I love my life now, even though it is not without difficulties (many caused by the oversights reflected upon in this list). Certainly making better decisions during my early years of adulthood would have changed the course of my life to this point. For better or worse, who’s to say? Still, it would have been nice to know what I’d be sort-of-regretting years down the line. Maybe I would have been able to make more informed decisions rather than impulsive ones.
I like the idea of these lists, & think it would be extraordinarily helpful to collect several of them (with permission of course) and send them to freshly-emancipated foster folks.
If you don’t take advantage of “limited-time offers”, such as the CHAFEE grant or Denti-Cal benefits (kinda useful for getting cavities filled and wisdom teeth extracted!) you will lose them and you might miss them.
If you have the opportunity to be in a great transitional housing program, but feel stifled by the restrictions/curfew/housemates, remember that these programs are short term. It’s not forever, and anything is bearable temporarily. (Remember the subtitle of this blog? Foster care sucked.. and I survived.) It’s hard when you just gained your freedom, especially if you came from group homes (zero to ten much?), but you’ll have plenty of time to fly without a net soon enough! Focus on the goal: learning independent living skills. Get as much as you can from the program.
Don’t count on the adults in your life to give you guidance unless you ask for it. You’re an adult, you are responsible for your own decisions. That responsibility comes abruptly, so ask for honest advice from people you trust before making any big decisions. You may not have the foresight to see how a decision could alter the course of your life.
Be active in your local foster-youth advocacy group, if you have one in your area. (California Youth Connection is age-capped at 24 and now that I’ve gotten thoroughly involved, I’m bummed that I missed out on so many years of conferences and meetings. I can’t help but wonder who I would be now, if I was more active earlier on. Probably a lot more confident and driven.)

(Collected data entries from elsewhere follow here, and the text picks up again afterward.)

(* Let $G$ be a paratopological group with unit $e$. For every neighborhood $U\subset G$ of $e$ there is a left-invariant $\overline{\mathsf{dist}}$-continuous quasi-pseudometric $d:G\times G\to[0,1]$ whose regularization satisfies $\overline d=\overline d^\circ$ and is a left-invariant right-continuous $\overline{\mathsf{dist}}$-continuous quasi-pseudometric, such that $B_d(x;1)\subset xU$ and $B_{\overline d}(x,1)\subset x\,\mathrm{int}\,\overline{U}$ for every $x\in G$. If $G$ is balanced, then $d$ and $\overline d=\overline d^\circ$ are invariant.
   Context: A paratopological group is a group with a topology making multiplication $G\times G\to G$ continuous (inversion need not be continuous). $G$ is balanced if $e$ has a neighborhood base of open sets $V$ with $xV=Vx$ for all $x\in G$. A quasi-pseudometric is $d:G\times G\to[0,\infty)$ with $d(x,x)=0$ and $d(x,z)\le d(x,y)+d(y,z)$; left-invariant if $d(zx,zy)=d(x,y)$, right-invariant if $d(xz,yz)=d(x,y)$, invariant if both. $B_d(x,\varepsilon)=\{y:d(x,y)<\varepsilon\}$, $B_d(A,\varepsilon)=\bigcup_{a\in A}B_d(a,\varepsilon)$. Right-continuous: $y\mapsto d(x,y)$ continuous for each $x$. For non-empty $A$: $\overline d_A(x)=\inf\{\varepsilon>0:x\in\overline{B_d(A,\varepsilon)}\}$, $\overline d^\circ_A(x)=\inf\{\varepsilon>0:x\in B_d(A,\varepsilon)\cup\mathrm{int}\,\overline{B_d(A,\varepsilon)}\}$; $d$ is $\overline{\mathsf{dist}}$-continuous if every $\overline d_A$ is continuous. $\overline d(x,y)=\overline d_{\{x\}}(y)$ and $\overline d^\circ(x,y)=\overline d^\circ_{\{x\}}(y)$. *)

theory Defs
  imports "HOL-Analysis.Analysis"
begin

text \<open>Groups are written additively via the (not necessarily commutative) type class
  group_add: the group product x y is x + y, the unit e is 0.\<close>

definition paratopological_group :: "'a::{topological_space,group_add} itself \<Rightarrow> bool" where
  "paratopological_group _ \<longleftrightarrow> continuous_on UNIV (\<lambda>p::'a \<times> 'a. fst p + snd p)"

definition balanced_group :: "'a::{topological_space,group_add} itself \<Rightarrow> bool" where
  "balanced_group _ \<longleftrightarrow>
     (\<forall>W::'a set. open W \<and> 0 \<in> W \<longrightarrow>
        (\<exists>V. open V \<and> 0 \<in> V \<and> V \<subseteq> W \<and> (\<forall>x. (\<lambda>v. x + v) ` V = (\<lambda>v. v + x) ` V)))"

definition quasi_pseudometric :: "('a \<Rightarrow> 'a \<Rightarrow> real) \<Rightarrow> bool" where
  "quasi_pseudometric d \<longleftrightarrow> (\<forall>x y. 0 \<le> d x y) \<and> (\<forall>x. d x x = 0) \<and>
     (\<forall>x y z. d x z \<le> d x y + d y z)"

definition left_invariant :: "('a::group_add \<Rightarrow> 'a \<Rightarrow> real) \<Rightarrow> bool" where
  "left_invariant d \<longleftrightarrow> (\<forall>x y z. d (z + x) (z + y) = d x y)"

definition right_invariant :: "('a::group_add \<Rightarrow> 'a \<Rightarrow> real) \<Rightarrow> bool" where
  "right_invariant d \<longleftrightarrow> (\<forall>x y z. d (x + z) (y + z) = d x y)"

definition invariant :: "('a::group_add \<Rightarrow> 'a \<Rightarrow> real) \<Rightarrow> bool" where
  "invariant d \<longleftrightarrow> left_invariant d \<and> right_invariant d"

definition qball :: "('a \<Rightarrow> 'a \<Rightarrow> real) \<Rightarrow> 'a \<Rightarrow> real \<Rightarrow> 'a set" where
  "qball d x e = {y. d x y < e}"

Remember that mistakes are not barriers to success, they are bridges. Don’t waste time mentally kicking yourself in the rear for all the opportunities you’ve watched pass you by. Learn what you can and be ready next time. Sometimes, this is just how we learn.
“Mm, there’s been some rough times…but the important thing…is to, um, you have to face your problems… and you should never ever, ever, ever… ever, ever give up. Never ever, ever, ever . Winston Churchill said that… I think.” -Dennis, from the movie Martian Child (a sweet movie about a foster kid who thinks he’s a martian)

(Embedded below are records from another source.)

(* Let $(\Omega,\mathcal{F},\mathbb{P})$ be a probability space and let $X,Y$ be real-valued random variables with $\mathbb{E}[|X|]<\infty$ and $\mathbb{E}[|Y|]<\infty$. For such a random variable $Z$ define the mean absolute deviation $\mathrm{MAD}(Z):=\mathbb{E}\big[|Z-\mathbb{E}[Z]|\big]$. Then $$\mathrm{MAD}(X+Y)=\mathrm{MAD}(X)+\mathrm{MAD}(Y)$$ if and only if $$(X-\mathbb{E}[X])(Y-\mathbb{E}[Y])\geq 0 \quad \mathbb{P}\text{-almost surely}.$$ *)

theory Defs
  imports "HOL-Probability.Probability"
begin

definition MAD :: "'a measure \<Rightarrow> ('a \<Rightarrow> real) \<Rightarrow> real" where
  "MAD M Z = (\<integral>x. \<bar>Z x - (\<integral>y. Z y \<partial>M)\<bar> \<partial>M)"

end

theory Submission
  imports Defs
begin

text \<open>After centring, the claim is the equality case of the triangle inequality in \<open>L\<^sup>1\<close>:
  the defect \<open>\<bar>a\<bar> + \<bar>b\<bar> - \<bar>a + b\<bar>\<close> is pointwise nonnegative, so its integral vanishes iff
  it vanishes almost everywhere, i.e. iff \<open>a\<close> and \<open>b\<close> almost surely have no opposite signs.\<close>

lemma abs_add_eq_add_abs_iff:
  fixes a b :: "'a :: linordered_idom"
  shows "\<bar>a + b\<bar> = \<bar>a\<bar> + \<bar>b\<bar> \<longleftrightarrow> 0 \<le> a * b"
  by (auto simp: abs_if zero_le_mult_iff mult_le_0_iff)

lemma integral_abs_add_eq_iff_AE:
  fixes f g :: "'a \<Rightarrow> real"
  assumes f: "integrable M f" and g: "integrable M g"
  shows "(\<integral>x. \<bar>f x + g x\<bar> \<partial>M) = (\<integral>x. \<bar>f x\<bar> \<partial>M) + (\<integral>x. \<bar>g x\<bar> \<partial>M)
    \<longleftrightarrow> (AE x in M. 0 \<le> f x * g x)"
proof -
  define defect where "defect = (\<lambda>x. \<bar>f x\<bar> + \<bar>g x\<bar> - \<bar>f x + g x\<bar>)"
  have defect_integrable: "integrable M defect"
    unfolding defect_def using f g by auto
  have defect_nonneg: "AE x in M. 0 \<le> defect x"
    unfolding defect_def by (simp add: abs_triangle_ineq)
  have "integral\<^sup>L M defect
      = (\<integral>x. \<bar>f x\<bar> \<partial>M) + (\<integral>x. \<bar>g x\<bar> \<partial>M) - (\<integral>x. \<bar>f x + g x\<bar> \<partial>M)"
    unfolding defect_def using f g
    by (simp add: Bochner_Integration.integral_diff Bochner_Integration.integral_add)
  then have "(\<integral>x. \<bar>f x + g x\<bar> \<partial>M) = (\<integral>x. \<bar>f x\<bar> \<partial>M) + (\<integral>x. \<bar>g x\<bar> \<partial>M)
      \<longleftrightarrow> integral\<^sup>L M defect = 0"
    by argo
  also have "\<dots> \<longleftrightarrow> (AE x in M. defect x = 0)"
    using defect_integrable defect_nonneg by (rule integral_nonneg_eq_0_iff_AE)
  also have "\<dots> \<longleftrightarrow> (AE x in M. 0 \<le> f x * g x)"
  proof -
    have "defect x = 0 \<longleftrightarrow> 0 \<le> f x * g x" for x
      unfolding defect_def using abs_add_eq_add_abs_iff[of "f x" "g x"] by linarith
    then show ?thesis
      by simp
  qed
  finally show ?thesis .
qed

lemma (in finite_measure) MAD_add_eq_integral_abs_centred:
  assumes "integrable M X" and "integrable M Y"
  shows "MAD M (\<lambda>x. X x + Y x)
    = (\<integral>x. \<bar>(X x - (\<integral>y. X y \<partial>M)) + (Y x - (\<integral>y. Y y \<partial>M))\<bar> \<partial>M)"
  unfolding MAD_def using assms by (simp add: algebra_simps)

theorem theorem1:
  fixes M :: "'a measure" and X Y :: "'a \<Rightarrow> real"
  assumes "prob_space M"
    and "X \<in> borel_measurable M" and "Y \<in> borel_measurable M"
    and "integrable M X" and "integrable M Y"
  shows "MAD M (\<lambda>\<omega>. X \<omega> + Y \<omega>) = MAD M X + MAD M Y \<longleftrightarrow>
         (AE \<omega> in M. (X \<omega> - (\<integral>x. X x \<partial>M)) * (Y \<omega> - (\<integral>y. Y y \<partial>M)) \<ge> 0)"
proof -
  interpret prob_space M by fact
  have "integrable M (\<lambda>\<omega>. X \<omega> - expectation X)" and "integrable M (\<lambda>\<omega>. Y \<omega> - expectation Y)"
    using assms by auto
  from integral_abs_add_eq_iff_AE[OF this] show ?thesis
    unfolding MAD_add_eq_integral_abs_centred[OF assms(4,5)] by (simp add: MAD_def)
qed

end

Getting wasted with your friends constantly is fun until you realize that you can’t remember those years of your life because they have been lost in a haze. Also, be careful if you decide to experiment with drugs and/or alcohol. Nobody can stop you if you’re going to, but be safe.
SIDENOTE: AB12 is probably great because I made much better decisions at twenty-one than eighteen. At eighteen I was a teenager, by twenty-one I was an adult. Glad to see this is recognized & now a thing.